### MATERIAL PROVIDED:
section \<open>Strong continuity of the diagonal part\<close>

lemma infsum_tail_small:
  fixes g :: "'a \<Rightarrow> real"
  assumes g: "g summable_on UNIV" and \<epsilon>: "\<epsilon> > 0"
  shows "\<exists>S. finite S \<and> infsum g (UNIV - S) < \<epsilon>"
proof -
  have "(sum g \<longlongrightarrow> infsum g UNIV) (finite_subsets_at_top UNIV)"
    using g by (simp add: summable_iff_has_sum_infsum has_sum_def)
  from tendstoD[OF this \<epsilon>] obtain S where S: "finite S" and "dist (sum g S) (infsum g UNIV) < \<epsilon>"
    unfolding eventually_finite_subsets_at_top by auto
  then have "infsum g UNIV - sum g S < \<epsilon>"
    unfolding dist_real_def abs_less_iff by linarith
  then show ?thesis
    using infsum_Diff[OF g _ subset_UNIV, of S] S by auto
qed

lemma tendsto_infsum_dominated:
  fixes f :: "'b \<Rightarrow> 'a \<Rightarrow> 'c::banach"
  assumes g: "g summable_on UNIV"
    and dom: "\<forall>\<^sub>F b in F. \<forall>x. norm (f b x) \<le> g x"
    and lim: "\<And>x. ((\<lambda>b. f b x) \<longlongrightarrow> 0) F"
  shows "((\<lambda>b. infsum (f b) UNIV) \<longlongrightarrow> 0) F"
proof (rule tendstoI)
  fix \<epsilon> :: real assume \<epsilon>: "\<epsilon> > 0"
  obtain S where S: "finite S" and tail: "infsum g (UNIV - S) < \<epsilon> / 2"
    using infsum_tail_small[OF g, of "\<epsilon> / 2"] \<epsilon> by auto
  define \<eta> where "\<eta> = \<epsilon> / (2 * (real (card S) + 1))"
  have \<eta>: "\<eta> > 0" using \<epsilon> by (simp add: \<eta>_def)
  have "\<forall>\<^sub>F b in F. \<forall>x\<in>S. norm (f b x) < \<eta>"
    using tendstoD[OF lim \<eta>] by (intro eventually_ball_finite[OF S]) simp
  then show "\<forall>\<^sub>F b in F. dist (infsum (f b) UNIV) 0 < \<epsilon>"
    using dom
  proof eventually_elim
    case (elim b)
    have nf: "(\<lambda>x. norm (f b x)) summable_on UNIV"
      by (rule summable_on_comparison_test[OF g]) (use elim in auto)
    have "norm (sum (f b) S) \<le> (\<Sum>x\<in>S. norm (f b x))" by (rule norm_sum)
    also have "\<dots> \<le> real (card S) * \<eta>"
      using elim(1) sum_bounded_above[of S "\<lambda>x. norm (f b x)" \<eta>] by (simp add: less_imp_le)
    also have "\<dots> < \<epsilon> / 2" using \<epsilon> unfolding \<eta>_def by (simp add: field_simps)
    finally have head: "norm (sum (f b) S) < \<epsilon> / 2" .
    have nf': "(\<lambda>x. norm (f b x)) summable_on (UNIV - S)"
      by (rule summable_on_subset_banach[OF nf]) simp
    have "norm (infsum (f b) (UNIV - S)) \<le> infsum (\<lambda>x. norm (f b x)) (UNIV - S)"
      by (rule norm_infsum_bound[OF nf'])
    also have "\<dots> \<le> infsum g (UNIV - S)"
      by (rule infsum_mono[OF nf' summable_on_subset_banach[OF g]]) (use elim in auto)
    finally have rest: "norm (infsum (f b) (UNIV - S)) < \<epsilon> / 2" using tail by linarith
    have "infsum (f b) UNIV = sum (f b) S + infsum (f b) (UNIV - S)"
      using infsum_Diff[OF abs_summable_summable[OF nf] _ subset_UNIV, of S] S by simp
    then show ?case
      using head rest norm_triangle_ineq[of "sum (f b) S" "infsum (f b) (UNIV - S)"] by simp
  qed
qed
lemma (in prob_space) nn_integral_indep_var:
  assumes indep: "indep_var S U T V" and f: "f \<in> borel_measurable (S \<Otimes>\<^sub>M T)"
  shows "(\<integral>\<^sup>+\<omega>. f (U \<omega>, V \<omega>) \<partial>M) = (\<integral>\<^sup>+v. (\<integral>\<^sup>+\<omega>. f (U \<omega>, v) \<partial>M) \<partial>distr M T V)"
proof -
  have U: "random_variable S U" and V: "random_variable T V"
    and joint: "distr M S U \<Otimes>\<^sub>M distr M T V = distr M (S \<Otimes>\<^sub>M T) (\<lambda>\<omega>. (U \<omega>, V \<omega>))"
    using indep by (auto simp: indep_var_distribution_eq)
  interpret PU: prob_space "distr M S U" by (rule prob_space_distr) fact
  interpret PV: prob_space "distr M T V" by (rule prob_space_distr) fact
  interpret PUV: pair_prob_space "distr M S U" "distr M T V" ..
  have "(\<integral>\<^sup>+\<omega>. f (U \<omega>, V \<omega>) \<partial>M) = integral\<^sup>N (distr M S U \<Otimes>\<^sub>M distr M T V) f"
    unfolding joint by (rule nn_integral_distr[symmetric]) (use U V f in auto)
  also have "\<dots> = (\<integral>\<^sup>+v. (\<integral>\<^sup>+u. f (u, v) \<partial>distr M S U) \<partial>distr M T V)"
    by (rule PUV.nn_integral_snd[symmetric]) (use f in simp)
  also have "\<dots> = (\<integral>\<^sup>+v. (\<integral>\<^sup>+\<omega>. f (U \<omega>, v) \<partial>M) \<partial>distr M T V)"
    by (intro nn_integral_cong nn_integral_distr) (use U f in auto)
  finally show ?thesis .
qed

lemma (in prob_space) nn_integral_indep_var_mono:
  assumes "indep_var S U T Z" and "indep_var S' U' T Z"
    and "f \<in> borel_measurable (S \<Otimes>\<^sub>M T)" and "g \<in> borel_measurable (S' \<Otimes>\<^sub>M T)"
    and "\<And>v. v \<in> space T \<Longrightarrow> (\<integral>\<^sup>+\<omega>. f (U \<omega>, v) \<partial>M) \<le> (\<integral>\<^sup>+\<omega>. g (U' \<omega>, v) \<partial>M)"
  shows "(\<integral>\<^sup>+\<omega>. f (U \<omega>, Z \<omega>) \<partial>M) \<le> (\<integral>\<^sup>+\<omega>. g (U' \<omega>, Z \<omega>) \<partial>M)"
  using assms by (simp add: nn_integral_indep_var) (rule nn_integral_mono, simp)

definition (in prob_space) symmetric_rv :: "('a \<Rightarrow> real) \<Rightarrow> bool" where
  "symmetric_rv X \<longleftrightarrow> distr M borel X = distr M borel (\<lambda>\<omega>. - X \<omega>)"
(* In the setting described in the context, for every closed point $p$ of $\mathbb{P}^1_K$ with singular fibre $X_p$, the resultant $\operatorname{res}(\Delta_p(s,t),\delta_p(s,t))$ of the binary forms $\Delta_p$ and $\delta_p$ is nonzero.
   Context: $K$ is a number field, $a_1,a_2,e\ge 0$ are integers, and $X$ is the smooth surface of bidegree $(e,2)$ in the $\mathbb{P}^2$-bundle $\mathbb{F}(0,a_1,a_2) = \mathbb{P}(\mathcal{O}\oplus\mathcal{O}(a_1)\oplus\mathcal{O}(a_2))$ over $\mathbb{P}^1_K$ cut out by $Q_{(s,t)}(\mathbf{x}) = \sum_{0\le i,j\le 2} f_{i,j}(s,t)x_ix_j$, with $f_{i,j}=f_{j,i}\in\mathcal{O}_K[s,t]$ binary forms of degree $a_i+a_j+e$ ($a_0=0$); $\pi:(s:t;\mathbf{x})\mapsto (s:t)$. Let $\Delta(s,t) = -4\det(f_{i,j}(s,t))$ and assume $t\nmid\Delta(s,t)$. Closed points $p$ with singular fibre correspond to irreducible factors $\Delta_p(s,t)\in\mathcal{O}_K[s,t]$ of $\Delta$ (up to constants) with $\Delta_p(1,0)\ne 0$; $\theta_p\in\overline{K}$ is a root of $\Delta_p(s,1)$ and $K(p)=K(\theta_p)$. The conic $Q_{(\theta_p,1)}(\mathbf{x})=0$ over $K(p)$ is singular with a unique singular point; $i_p\in\{0,1,2\}$ is the index of its first nonzero coordinate, and $\delta_p(s,t)$ is the discriminant ($\beta^2-4\alpha\gamma$ for $\alpha y^2+\beta yz+\gamma z^2$) of the binary quadratic form obtained by setting $x_{i_p}=0$ in $Q_{(s,t)}$. *)

theory Defs
  imports "HOL-Analysis.Analysis" "Subresultants.Resultant_Prelim"
begin

text \<open>Number fields are modelled as subfields K of the complex numbers that are
  finite-dimensional over the rationals; the complex numbers serve as an algebraic
  closure containing the algebraic closure of K.\<close>

definition subfield_C :: "complex set \<Rightarrow> bool" where
  "subfield_C K \<longleftrightarrow> 0 \<in> K \<and> 1 \<in> K \<and> (\<forall>x\<in>K. \<forall>y\<in>K. x + y \<in> K \<and> x * y \<in> K \<and> - x \<in> K)
     \<and> (\<forall>x\<in>K. x \<noteq> 0 \<longrightarrow> inverse x \<in> K)"

definition number_field :: "complex set \<Rightarrow> bool" where
  "number_field K \<longleftrightarrow> subfield_C K \<and>
     (\<exists>bs :: complex list. \<forall>z\<in>K. \<exists>qs :: rat list. length qs = length bs \<and>
         z = (\<Sum>i<length bs. of_rat (qs ! i) * bs ! i))"

definition algebraic_integer :: "complex \<Rightarrow> bool" where
  "algebraic_integer z \<longleftrightarrow> (\<exists>p :: int poly. monic p \<and> poly (map_poly of_int p) z = 0)"

definition ring_of_integers :: "complex set \<Rightarrow> complex set" where
  "ring_of_integers K = {z \<in> K. algebraic_integer z}"

definition poly_over :: "complex set \<Rightarrow> complex poly \<Rightarrow> bool" where
  "poly_over R p \<longleftrightarrow> (\<forall>i. coeff p i \<in> R)"

definition irreducible_over :: "complex set \<Rightarrow> complex poly \<Rightarrow> bool" where
  "irreducible_over K p \<longleftrightarrow> poly_over K p \<and> degree p > 0 \<and>
     (\<forall>q r. poly_over K q \<longrightarrow> poly_over K r \<longrightarrow> p = q * r \<longrightarrow> degree q = 0 \<or> degree r = 0)"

### YOUR ASSIGNMENT:
Look through the listing, and copy each line that contains the word "tendstoD".

### WRITTEN SOLUTION:
  from tendstoD[OF this \<epsilon>] obtain S where S: "finite S" and "dist (sum g S) (infsum g UNIV) < \<epsilon>"
    using tendstoD[OF lim \<eta>] by (intro eventually_ball_finite[OF S]) simp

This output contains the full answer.